By Todd Brady and Steven H. Miller, CDT
Cold-formed steel framing (CFSF)—also known as ‘light-gauge’—began as a kind of alternative lumber, but after decades of positive performance it has finally come into its own. Much like wood worked by carpenters, steel studs and track can be cut and combined to create more complex shapes. Until recently, however, there has not been any real standardization of assemblies or connections. Each rough opening or other special structural element had to be detailed separately by the engineer of record (EOR). These project-specific details were not always followed by contractors, who may have ‘done it another way’ for a long time. In any case, there has been considerable variation in the quality of field assemblies.

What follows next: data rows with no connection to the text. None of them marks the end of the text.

(* Let $\Psi:\Omega_N\to\Omega_N$ be a mixed unitary channel, i.e. $\Psi(\rho)=\sum_i p_iU_i\rho U_i^\dagger$ with $U_i\in\mathrm U(N)$, $p_i\ge0$ and $\sum_ip_i=1$. Then for all $\rho^A,\rho^B\in\Omega_N$, $$T^Q(\Psi(\rho^A),\Psi(\rho^B))\le T^Q(\rho^A,\rho^B).$$
   Context: $\Omega_N$ is the set of $N\times N$ density matrices (Hermitian, positive semidefinite, trace one). Let $S$ be the swap operator on $\mathbb{C}^N\otimes\mathbb{C}^N$, and let $C^Q=\tfrac12(\mathbb{1}-S)$. Let $\Gamma^Q(\rho^A,\rho^B)$ be the set of density matrices $\rho^{AB}$ on $\mathbb{C}^N\otimes\mathbb{C}^N$ with $\operatorname{Tr}_B\rho^{AB}=\rho^A$ and $\operatorname{Tr}_A\rho^{AB}=\rho^B$. Define $$T^Q(\rho^A,\rho^B)=\min_{\rho^{AB}\in\Gamma^Q(\rho^A,\rho^B)}\operatorname{Tr}(C^Q\rho^{AB}).$$ *)

theory Defs
  imports "HOL-Analysis.Analysis"
begin

text \<open>Complex N x N matrices are represented as complex^'n^'n with a finite index type 'n
  (N = CARD('n)); operators on C^N (x) C^N are indexed by the product type 'n \<times> 'n.\<close>

definition cadj :: "complex^'m^'n \<Rightarrow> complex^'n^'m" where
  "cadj A = (\<chi> i j. cnj (A $ j $ i))"

definition hermitian_mat :: "complex^'n^'n \<Rightarrow> bool" where
  "hermitian_mat A \<longleftrightarrow> cadj A = A"

definition psd_mat :: "complex^'n^'n \<Rightarrow> bool" where
  "psd_mat A \<longleftrightarrow> hermitian_mat A \<and>
     (\<forall>v::complex^'n. 0 \<le> Re (\<Sum>i\<in>UNIV. cnj (v $ i) * (A *v v) $ i))"

definition density_mat :: "complex^'n^'n \<Rightarrow> bool" where
  "density_mat A \<longleftrightarrow> psd_mat A \<and> trace A = 1"

definition unitary_mat :: "complex^'n^'n \<Rightarrow> bool" where
  "unitary_mat U \<longleftrightarrow> cadj U ** U = mat 1"

definition ptrace_B :: "complex^('n::finite \<times> 'n::finite)^('n::finite \<times> 'n::finite) \<Rightarrow> complex^'n^'n" where
  "ptrace_B r = (\<chi> i j. \<Sum>k\<in>UNIV. r $ (i, k) $ (j, k))"

definition ptrace_A :: "complex^('n::finite \<times> 'n::finite)^('n::finite \<times> 'n::finite) \<Rightarrow> complex^'n^'n" where
  "ptrace_A r = (\<chi> i j. \<Sum>k\<in>UNIV. r $ (k, i) $ (k, j))"

definition swap_op :: "complex^('n::finite \<times> 'n::finite)^('n::finite \<times> 'n::finite)" where
  "swap_op = (\<chi> x y. if fst x = snd y \<and> snd x = fst y then 1 else 0)"

definition CQ :: "complex^('n::finite \<times> 'n::finite)^('n::finite \<times> 'n::finite)" where
  "CQ = (\<chi> x y. ((mat 1 :: complex^('n::finite \<times> 'n::finite)^('n::finite \<times> 'n::finite)) $ x $ y - swap_op $ x $ y) / 2)"

definition GammaQ :: "complex^'n^'n \<Rightarrow> complex^'n^'n \<Rightarrow> (complex^('n::finite \<times> 'n::finite)^('n::finite \<times> 'n::finite)) set" where
  "GammaQ rA rB = {r. density_mat r \<and> ptrace_B r = rA \<and> ptrace_A r = rB}"

text \<open>The minimum is rendered as the infimum (it is attained by compactness).
  Tr(C^Q r) is real for Hermitian r; we take its real part.\<close>
definition TQ :: "complex^'n^'n \<Rightarrow> complex^'n^'n \<Rightarrow> real" where
  "TQ rA rB = Inf ((\<lambda>r. Re (trace (CQ ** r))) ` GammaQ rA rB)"

definition mixed_unitary_channel :: "(complex^'n^'n \<Rightarrow> complex^'n^'n) \<Rightarrow> bool" where
  "mixed_unitary_channel \<Psi> \<longleftrightarrow>
     (\<exists>(k::nat) (p::nat \<Rightarrow> real) (U::nat \<Rightarrow> complex^'n^'n).
        (\<forall>i<k. 0 \<le> p i \<and> unitary_mat (U i)) \<and> (\<Sum>i<k. p i) = 1 \<and>
        (\<forall>\<rho>. \<Psi> \<rho> = (\<Sum>i<k. p i *\<^sub>R (U i ** \<rho> ** cadj (U i)))))"

end

theory Submission
  imports Defs
begin
(* Let $N\ge1$, let $z_1^{(1)}>\dots>z_{N-1}^{(1)}>0$ be the zeros of the Laguerre polynomial $L_{N-1}^{(1)}$ (orthogonal w.r.t. $e^{-x}x$ on $]0,\infty[$), and let $r=(r_1,\dots,r_N)\in C_N^D$ with $r_i:=\sqrt{2z_i^{(1)}}$ for $i\le N-1$ and $r_N:=0$. For $k>0$ let $(X_{t,k})_{t\ge0}$ be the Bessel process of type $D_N$ with multiplicity $k$ started in $0$. Define $S=(s_{i,j})_{i,j=1,\dots,N}$ by $$s_{i,i}:=1+2\sum_{l\ne i}(r_i-r_l)^{-2}+2\sum_{l\ne i}(r_i+r_l)^{-2},\qquad s_{i,j}:=2(r_i+r_j)^{-2}-2(r_i-r_j)^{-2}\ (i\ne j).$$ Then $S$ is invertible and, with $\Sigma:=S^{-1}$, for every $t>0$, $$X_{t,k}-\sqrt{kt}\,r\ \longrightarrow\ N(0,t\Sigma)\qquad\text{in distribution as }k\to\infty.$$
   Context: $C_N^D:=\{x\in\mathbb R^N: x_1\ge\dots\ge x_{N-1}\ge|x_N|\}$. For $k\ge0$, the Bessel process of type $D_N$ with multiplicity $k$ is the diffusion on $C_N^D$ with reflecting boundary and generator $Lf=\frac12\Delta f+k\sum_{i=1}^N\sum_{j\ne i}\big(\frac{1}{x_i-x_j}+\frac{1}{x_i+x_j}\big)\frac{\partial f}{\partial x_i}$; started in $0$, $X_{t,k}$ has density on $C_N^D$ proportional to $e^{-\|y\|^2/(2t)}\prod_{i<j}(y_i^2-y_j^2)^{2k}$. $N(0,t\Sigma)$ is the centered normal distribution with covariance $t\Sigma$. *)

theory Defs
  imports "HOL-Probability.Probability"
begin

text \<open>Vectors in R^N are represented as extensional functions nat => real on the
index set {..<N} (indices 0..N-1 correspond to 1..N of the paper).\<close>

definition RN :: "nat \<Rightarrow> (nat \<Rightarrow> real) measure" where
  "RN N = PiM {..<N} (\<lambda>_. lborel)"

definition chamberD :: "nat \<Rightarrow> (nat \<Rightarrow> real) set" where
  "chamberD N = {x \<in> PiE {..<N} (\<lambda>_. UNIV).
      (\<forall>i. Suc i < N - 1 \<longrightarrow> x (Suc i) \<le> x i) \<and>
      (2 \<le> N \<longrightarrow> \<bar>x (N - 1)\<bar> \<le> x (N - 2))}"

Eventually, familiarity bred discontent, and discontent inspired innovation. New framing elements—beyond standard C-shaped studs and U-shaped tracks—are not only possible using advanced roll-forming methods, but can also be pre-engineered/pre-approved for specific needs to improve CFSF at both the design and construction phases.
Standardized, code-approved specialty elements can solve many challenges in a consistent manner with better, more reliable performance. They simplify detailing and provide a solution more likely to be properly installed by the contractor. They also speed up construction and streamline inspections, saving time and headaches. These standardized components also improve jobsite safety through less cutting, assembly, screwing, and welding.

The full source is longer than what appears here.